[Haskell for CP] Exploiting laziness for memoized DPs
In this blog I attempt to solve the Partition Problem using Haskell. The key is to utilize laziness to cleanly express the standard dynamic-programming solution for the problem.
§ Problem
Partition Problem - Compute the number of partitions for a given integer $n$ - ways of writing n as a sum of positive integers. Two sums that differ only in the order of their summands are considered the same partition.
§ Solution
This is a fairly standard problem, solved using a recurrence.
Let $P(n, x)$ be the number of partitions of $n$, such that the smallest element in it is $x$. We define this recurrence for $n \geq 1$ and $x \geq 1$.
\[P(n, x) \equiv \begin{cases} \sum_{y = x}^{n - x} P(n - x, y) & x < n \\ 1 & x = n \\ 0 & x > n \\ \end{cases}\]Note: An empty summation is $0$.
§ Counting
We define a list of lists $dp$, to store the computed values.
-- a "two dimensional" memory/array; realized as a list of lists.
type Mem2D a = [[a]]
-- the memoized values of the recurrence $P$
-- P(n, x) = dp !! n !! x
dp :: Mem2D Integer
-- compute P(n, x)
getP :: Int -> Int -> Integer
getP n x = dp !! n !! x -- extract the corresponding element
-- #partitions of n
partitions :: Int -> Integer
partitions n = sum $ dp !! n
Notice that $dp$ here is not a function, just a global constant list! But unlike usual programming languages, we can give Haskell a recipe to compute the elements of the list, which in turn can use previous elements. This works because Haskell is lazily evaluated.

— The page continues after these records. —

lemma mean_excess_eq_0: "(\<Sum>w\<in>U. x w * y w) = 0"
proof -
  have "(\<Sum>w\<in>U. x w * y w) = (\<Sum>w\<in>U. x w * p w) - (\<Sum>w\<in>U. x w) * ((1 / m) * (\<Sum>w'\<in>U. x w' * p w'))"
    by (simp add: y_def right_diff_distrib sum_subtractf sum_distrib_right sum_divide_distrib)
  then show ?thesis
    using m_pos x_sum by simp
qed

lemma excess_nonpos:
  assumes "v \<in> U"
  shows "y v \<le> 0"
proof (rule ccontr)
  \<comment> \<open>The rates are proportional to x, so they are uncorrelated with the excess payoffs.\<close>
  have "m * (\<Sum>v\<in>U. tau y v * y v) = (\<Sum>v\<in>U. (m * tau y v) * y v)"
    by (simp add: sum_distrib_left mult.assoc)
  also have "\<dots> = (\<Sum>v\<in>U. (\<Sum>v'\<in>U. tau y v') * (x v * y v))"
  proof (rule sum.cong)
    show "m * tau y v * y v = (\<Sum>v'\<in>U. tau y v') * (x v * y v)" if "v \<in> U" for v
      unfolding rates_proportional[OF that] by (simp add: algebra_simps)
  qed simp
  also have "\<dots> = 0"
    using mean_excess_eq_0 by (simp add: sum_distrib_left[symmetric])
  finally have no_corr: "(\<Sum>v\<in>U. tau y v * y v) = 0"
    using m_pos by simp
  assume "\<not> y v \<le> 0"
  with assms have "\<exists>w\<in>U. y w > 0" by (auto simp: not_le)
  with pos_corr no_corr show False by auto
qed

lemma excess_eq_0_if_used:
  assumes "w \<in> U" "x w > 0"
  shows "y w = 0"
proof -
  have "\<forall>w\<in>U. - (x w * y w) = 0"
    using mean_excess_eq_0 x_nonneg excess_nonpos finite_U
    by (subst sum_nonneg_eq_0_iff[symmetric]) (auto simp: sum_negf mult_nonneg_nonpos)
  with assms show ?thesis by force
qed

lemma used_best_response:
  assumes "u \<in> U" "x u > 0"
  shows "best_response U p u"
  using excess_eq_0_if_used[OF assms] excess_nonpos by (simp add: best_response_def y_def)

lemma revision_flow_eq_0:
  assumes unused: "\<And>w. w \<in> U \<Longrightarrow> x w = 0 \<Longrightarrow> z w = 0" and "u \<in> U"
  shows "revision_flow U z (\<lambda>_. tau y) u = 0"
proof -
  \<comment> \<open>Positive rates only point to used policies, whose excess payoffs vanish, so at most one
    policy has a positive rate; hence z w * tau y u = 0 whenever w \<noteq> u.\<close>
  define T where "T = (\<Sum>v\<in>U. tau y v)"
  have used_if_rate_pos: "x v > 0" if "v \<in> U" "tau y v > 0" for v
  proof -
    have "x v * T > 0"
      using rates_proportional[OF that(1)] mult_pos_pos[OF m_pos that(2)] by (simp add: T_def)
    then show ?thesis
      using x_nonneg[OF that(1)] by (simp add: zero_less_mult_iff)
  qed
  have unique: "v = w" if "v \<in> U" "w \<in> U" "tau y v > 0" "tau y w > 0" for v w
    using that excess_nonpos excess_eq_0_if_used used_if_rate_pos
    by (intro excess_rates_unique_at_zero_excess[OF finite_U Lip tau_nonneg pos_corr, where y = y]) auto
  have cross: "z w * tau y v = 0" if "v \<in> U" "w \<in> U" "v \<noteq> w" for v w
  proof (cases "tau y v > 0 \<and> z w \<noteq> 0")
    case True
    have "T > 0"
      using True that tau_nonneg finite_U by (auto simp: T_def intro: sum_pos2)
    moreover have "x w > 0"
      using True unused[OF that(2)] x_nonneg[OF that(2)] by (auto simp: less_le)
    ultimately have "m * tau y w > 0"
      using rates_proportional[OF that(2)] by (simp add: T_def)
    then have "tau y w > 0"
      using m_pos by (simp add: zero_less_mult_iff)
    with True unique that show ?thesis by blast
  next
    case False
    with tau_nonneg that show ?thesis by (auto simp: less_le)
  qed
  have "revision_flow U z (\<lambda>_. tau y) u = (\<Sum>w\<in>U. z w * tau y u - z u * tau y w)"
    by (simp add: revision_flow_def sum_subtractf sum_distrib_left)
  also have "\<dots> = 0"
    using cross[of u] cross[of _ u] \<open>u \<in> U\<close> by (intro sum.neutral) (metis diff_self)
  finally show ?thesis .
qed

end

lemma imitative_rest_used_best_response:
  fixes varphi :: "real \<Rightarrow> real"
  assumes "finite U" "m > 0"
    and x_nonneg: "\<And>w. w \<in> U \<Longrightarrow> x w \<ge> 0"
    and varphi_nonpos: "\<And>d. d \<le> 0 \<Longrightarrow> varphi d = 0"
    and varphi_pos: "\<And>d. d > 0 \<Longrightarrow> varphi d > 0"
    and r: "\<And>w v. w \<in> U \<Longrightarrow> v \<in> U \<Longrightarrow> r w v = x v / m * varphi (p v - p w)"
    and rest: "\<And>w. w \<in> U \<Longrightarrow> revision_flow U x r w = 0"
    and v: "v \<in> U" "best_response U p v" "x v > 0"
    and u: "u \<in> U" "x u > 0"
  shows "best_response U p u"
proof -
  \<comment> \<open>Nobody leaves the best response v, so nobody may enter it either, although v is imitated
    by every strictly worse used policy.\<close>
  have "varphi d \<ge> 0" for d
    using varphi_nonpos varphi_pos by (cases "d > 0") (auto simp: less_imp_le)
  hence r_nonneg: "r w w' \<ge> 0" if "w \<in> U" "w' \<in> U" for w w'
    using r[OF that] x_nonneg[OF that(2)] \<open>m > 0\<close> by simp
  have "r v w = 0" if "w \<in> U" for w
    using r[OF v(1) that] v(2) that varphi_nonpos by (simp add: best_response_def)
  hence "(\<Sum>w\<in>U. x w * r w v) = 0"
    using rest[OF v(1)] by (simp add: revision_flow_def)
  moreover have "x w * r w v \<ge> 0" if "w \<in> U" for w
    using x_nonneg r_nonneg that v(1) by simp
  ultimately have "\<forall>w\<in>U. x w * r w v = 0"
    by (simp add: sum_nonneg_eq_0_iff[OF \<open>finite U\<close>])
  hence "x u * r u v = 0"
    using u(1) by blast
  hence "varphi (p v - p u) = 0"
    using r[OF u(1) v(1)] u(2) v(3) \<open>m > 0\<close> by simp
  hence "p v \<le> p u"
    using varphi_pos[of "p v - p u"] by linarith
  with v(2) show ?thesis
    by (auto simp: best_response_def)
qed

lemma imitation_net_gain_pos:
  fixes varphi :: "real \<Rightarrow> real"
  assumes "finite U" "m > 0"
    and x_nonneg: "\<And>w. w \<in> U \<Longrightarrow> x w \<ge> 0"
    and varphi_nonpos: "\<And>d. d \<le> 0 \<Longrightarrow> varphi d = 0"
    and varphi_pos: "\<And>d. d > 0 \<Longrightarrow> varphi d > 0"
    and "best_response U p v"
    and u: "u \<in> U" "x u > 0" "p u < p v"
  shows "(\<Sum>w\<in>U. x w / m * (varphi (p v - p w) - varphi (p w - p v))) > 0"
proof (rule sum_pos2[OF \<open>finite U\<close> u(1)])
  show "x u / m * (varphi (p v - p u) - varphi (p u - p v)) > 0"
    using u \<open>m > 0\<close> varphi_pos[of "p v - p u"] varphi_nonpos[of "p u - p v"] by simp
  show "x w / m * (varphi (p v - p w) - varphi (p w - p v)) \<ge> 0" if "w \<in> U" for w
  proof -
    have "varphi (p w - p v) = 0"
      using that \<open>best_response U p v\<close> varphi_nonpos by (simp add: best_response_def)
    moreover have "varphi (p v - p w) \<ge> 0"
      using varphi_nonpos[of "p v - p w"] varphi_pos[of "p v - p w"] by linarith
    ultimately show ?thesis
      using x_nonneg[OF that] \<open>m > 0\<close> by (simp add: divide_nonneg_pos)
  qed
qed

lemma sum_pmass_mult:
  assumes "finite A" "pol c u s \<in> A"
  shows "(\<Sum>a\<in>A. pmass pol c u s a * t) = t"
  using assms by (simp add: pmass_def sum_distrib_right[symmetric])

lemma sum_f_d_eq_0:
  fixes S :: "'c::finite \<Rightarrow> 's::finite set" and A :: "'c \<Rightarrow> 's \<Rightarrow> 'a::finite set"
    and mu :: "real^('c \<times> 's \<times> 'u::finite)"
  assumes phi_sum: "\<And>s' a. s' \<in> S c \<Longrightarrow> a \<in> A c s' \<Longrightarrow> (\<Sum>s\<in>S c. phi c s' a s) = 1"
    and pol_act: "\<And>s. s \<in> S c \<Longrightarrow> pol c u s \<in> A c s"
  shows "(\<Sum>s\<in>S c. f_d S A phi pol Rd mu c s u) = 0"
proof -
  have "(\<Sum>s\<in>S c. \<Sum>s'\<in>S c. \<Sum>a'\<in>A c s'. phi c s' a' s * pmass pol c u s' a' * mu $ (c, s', u))
      = (\<Sum>s'\<in>S c. \<Sum>a'\<in>A c s'. \<Sum>s\<in>S c. phi c s' a' s * pmass pol c u s' a' * mu $ (c, s', u))"
    by (subst sum.swap) (intro sum.cong refl sum.swap)
  also have "\<dots> = (\<Sum>s'\<in>S c. \<Sum>a'\<in>A c s'. (\<Sum>s\<in>S c. phi c s' a' s) * (pmass pol c u s' a' * mu $ (c, s', u)))"
    by (simp add: sum_distrib_right mult.assoc)
  also have "\<dots> = (\<Sum>s'\<in>S c. mu $ (c, s', u))"
    using phi_sum pol_act by (simp add: sum_pmass_mult)
  finally show ?thesis
    by (simp add: f_d_def sum_subtractf sum_distrib_left[symmetric])
qed

lemma f_r_eq_revision_flow:
  "f_r S U F rho mu c s u =
     revision_flow (U c) (\<lambda>u'. mu $ (c, s, u')) (rho c (F c mu) (xdist S mu c)) u"
  by (simp add: f_r_def revision_flow_def)

lemma rest_point_revision_flow_xdist:
  fixes S :: "'c::finite \<Rightarrow> 's::finite set" and A :: "'c \<Rightarrow> 's \<Rightarrow> 'a::finite set"
    and mu :: "real^('c \<times> 's \<times> 'u::finite)"
  assumes "rest_point S U A phi pol m Rd F rho mu"
    and phi_sum: "\<And>c s' a. s' \<in> S c \<Longrightarrow> a \<in> A c s' \<Longrightarrow> (\<Sum>s\<in>S c. phi c s' a s) = 1"
    and pol_act: "\<And>c u s. u \<in> U c \<Longrightarrow> s \<in> S c \<Longrightarrow> pol c u s \<in> A c s"
    and "u \<in> U c"
  shows "revision_flow (U c) (xdist S mu c) (rho c (F c mu) (xdist S mu c)) u = 0"
proof -
  have "(\<Sum>s\<in>S c. f_d S A phi pol Rd mu c s u + f_r S U F rho mu c s u) = 0"
    using assms(1,4) by (simp add: rest_point_def)
  moreover have "(\<Sum>s\<in>S c. f_d S A phi pol Rd mu c s u) = 0"
    using phi_sum pol_act assms(4) by (intro sum_f_d_eq_0)
  ultimately have "(\<Sum>s\<in>S c. f_r S U F rho mu c s u) = 0"
    by (simp add: sum.distrib)
  then show ?thesis
    by (simp add: f_r_eq_revision_flow sum_revision_flow xdist_def[abs_def])
qed

lemma popX_nonneg_le_xdist:
  fixes mu :: "real^('c::finite \<times> 's::finite \<times> 'u::finite)"
  assumes "mu \<in> popX S U m" "s \<in> S c" "u \<in> U c"
  shows "0 \<le> mu $ (c, s, u)" "mu $ (c, s, u) \<le> xdist S mu c u"
proof -
  have nonneg: "0 \<le> mu $ (c, s', u)" if "s' \<in> S c" for s'
    using assms that by (simp add: popX_def)
  then show "0 \<le> mu $ (c, s, u)" using assms(2) .
  show "mu $ (c, s, u) \<le> xdist S mu c u"
    unfolding xdist_def using nonneg assms(2) by (intro member_le_sum) auto
qed

lemma popX_policy_dist_xdist:
  fixes mu :: "real^('c::finite \<times> 's::finite \<times> 'u::finite)"
  assumes "mu \<in> popX S U m"
  shows "policy_dist (U c) (m c) (xdist S mu c)"
proof -
  have "(\<Sum>u\<in>U c. xdist S mu c u) = m c"
    using assms unfolding popX_def xdist_def by (subst sum.swap) simp
  moreover have "nonneg_on (U c) (xdist S mu c)"
    using popX_nonneg_le_xdist[OF assms] by (auto simp: nonneg_on_def xdist_def intro: sum_nonneg)
  ultimately show ?thesis
    by (simp add: policy_dist_def)
qed

definition class_in_equilibrium ::
  "('c \<Rightarrow> 's set) \<Rightarrow> ('c \<Rightarrow> 'u set) \<Rightarrow> ('c \<Rightarrow> real^('c::finite \<times> 's::finite \<times> 'u::finite) \<Rightarrow> 'u \<Rightarrow> real)
   \<Rightarrow> ('c \<Rightarrow> ('u \<Rightarrow> real) \<Rightarrow> ('u \<Rightarrow> real) \<Rightarrow> 'u \<Rightarrow> 'u \<Rightarrow> real)
   \<Rightarrow> real^('c \<times> 's \<times> 'u) \<Rightarrow> 'c \<Rightarrow> bool" where
  "class_in_equilibrium S U F rho mu c \<longleftrightarrow>
     (\<forall>u\<in>U c. xdist S mu c u > 0 \<longrightarrow> best_response (U c) (F c mu) u) \<and>
     (\<forall>s\<in>S c. \<forall>u\<in>U c. f_r S U F rho mu c s u = 0)"

lemma MSNE_if_classes_in_equilibrium:
  assumes "rest_point S U A phi pol m Rd F rho mu"
    and "\<And>c. class_in_equilibrium S U F rho mu c"
  shows "MSNE S U A phi pol m Rd F mu"
  using assms by (simp add: MSNE_def rest_point_def class_in_equilibrium_def best_response_def)

lemma class_in_equilibrium_if_best_rates_vanish:
  assumes "mu \<in> popX S U m"
    and used_best: "\<And>u. u \<in> U c \<Longrightarrow> xdist S mu c u > 0 \<Longrightarrow> best_response (U c) (F c mu) u"
    and best_rates: "\<And>w v. w \<in> U c \<Longrightarrow> v \<in> U c \<Longrightarrow> best_response (U c) (F c mu) w \<Longrightarrow>
                       rho c (F c mu) (xdist S mu c) w v = 0"
  shows "class_in_equilibrium S U F rho mu c"
proof -
  have "f_r S U F rho mu c s u = 0" if "s \<in> S c" "u \<in> U c" for s u
  proof -
    have "best_response (U c) (F c mu) w" if "w \<in> U c" "mu $ (c, s, w) \<noteq> 0" for w
      using popX_nonneg_le_xdist[OF assms(1) \<open>s \<in> S c\<close> that(1)] that used_best by simp
    then show ?thesis
      unfolding f_r_eq_revision_flow
      by (rule revision_flow_eq_0_if_best_rates_vanish) (use best_rates that in auto)
  qed
  with used_best show ?thesis
    by (simp add: class_in_equilibrium_def)
qed

lemma pairwise_comparison_class_in_equilibrium:
  assumes "mu \<in> popX S U m" "protocol (U c) (rho c)" "pairwise_comparison (U c) (rho c)"
    and rest: "\<And>u. u \<in> U c \<Longrightarrow> revision_flow (U c) (xdist S mu c) (rho c (F c mu) (xdist S mu c)) u = 0"
  shows "class_in_equilibrium S U F rho mu c"
proof -
  let ?x = "xdist S mu c" and ?p = "F c mu"
  have x: "nonneg_on (U c) ?x"
    using popX_policy_dist_xdist[OF assms(1)] by (simp add: policy_dist_def)
  have r_nonneg: "\<And>w v. w \<in> U c \<Longrightarrow> v \<in> U c \<Longrightarrow> rho c ?p ?x w v \<ge> 0"
    using assms(2) x unfolding protocol_def by blast
  have r_pos_iff: "\<And>w v. w \<in> U c \<Longrightarrow> v \<in> U c \<Longrightarrow> rho c ?p ?x w v > 0 \<longleftrightarrow> ?p v > ?p w"
    using assms(3) x unfolding pairwise_comparison_def by blast
  show ?thesis
  proof (rule class_in_equilibrium_if_best_rates_vanish[OF assms(1)])
    show "best_response (U c) ?p u" if "u \<in> U c" "?x u > 0" for u
      using r_nonneg r_pos_iff rest that x
      by (intro pairwise_comparison_rest_used_best_response[where r = "rho c ?p ?x"])
        (auto simp: nonneg_on_def)
    show "rho c ?p ?x w v = 0" if "w \<in> U c" "v \<in> U c" "best_response (U c) ?p w" for w v
      using that r_nonneg[of w v] r_pos_iff[of w v] by (force simp: best_response_def)
  qed
qed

Implementation trick: We only store non-trival values. The zeros (for
the $x > n$ case) are not stored.
To compute dp[n][x], we implement the above recurrence:
sum -- Add all the values, i.e. dp[n - x][x ..]
$ drop x -- drop the first x values. i.e. dp[n - x][0 .. x - 1]
$ dp !! (n - x) -- Take dp[n - x]
Now let us put this together and build the entire $dp$ list.
dp =
[] : -- dp[0]
[ 0 : -- dp[n][0] (padding, unused)
[sum $ drop x $ dp !! (n - x) -- dp[n][1..n - 1]
| x <- [1 .. n - 1]
]
++ [1] -- dp[n][n]
| n <- [1 ..]
]
That is it! Just a few lines to compute all the dp values! In Haskell,
when a list is forced, it either evaluates to [] or to x : xs, where
xs is not forced yet. So the computation forces one element at a time,
which nicely preserves the order of computation. This ensures that the
dp results for smaller $n$ values are computed first.
ghci> take 5 dp
[[],[0,1],[0,1,1],[0,2,0,1],[0,3,1,0,1]]
ghci> dp !! 6
[0,7,2,1,0,0,1]
ghci> dp !! 5 !! 1 -- same as `getP 5 1`
5 -- the sequences are: (1, 1, 1, 1, 1); (1, 1, 1, 2); (1, 1, 3); (1, 2, 2); (1, 4)
ghci> partitions 5
6
§ Bonus: Compute all partitions
We can extend the above code to not just count the partitions, but to actually compute all of them. Instead of adding up the subproblem counts, we take the subproblem partition lists, and prepend the current element $x$ to it.
First, let us declare some types and the sequences array.
type Partition = [Int] -- A single partition, just a list.
type Partitions = [Partition] -- A collection of partitions.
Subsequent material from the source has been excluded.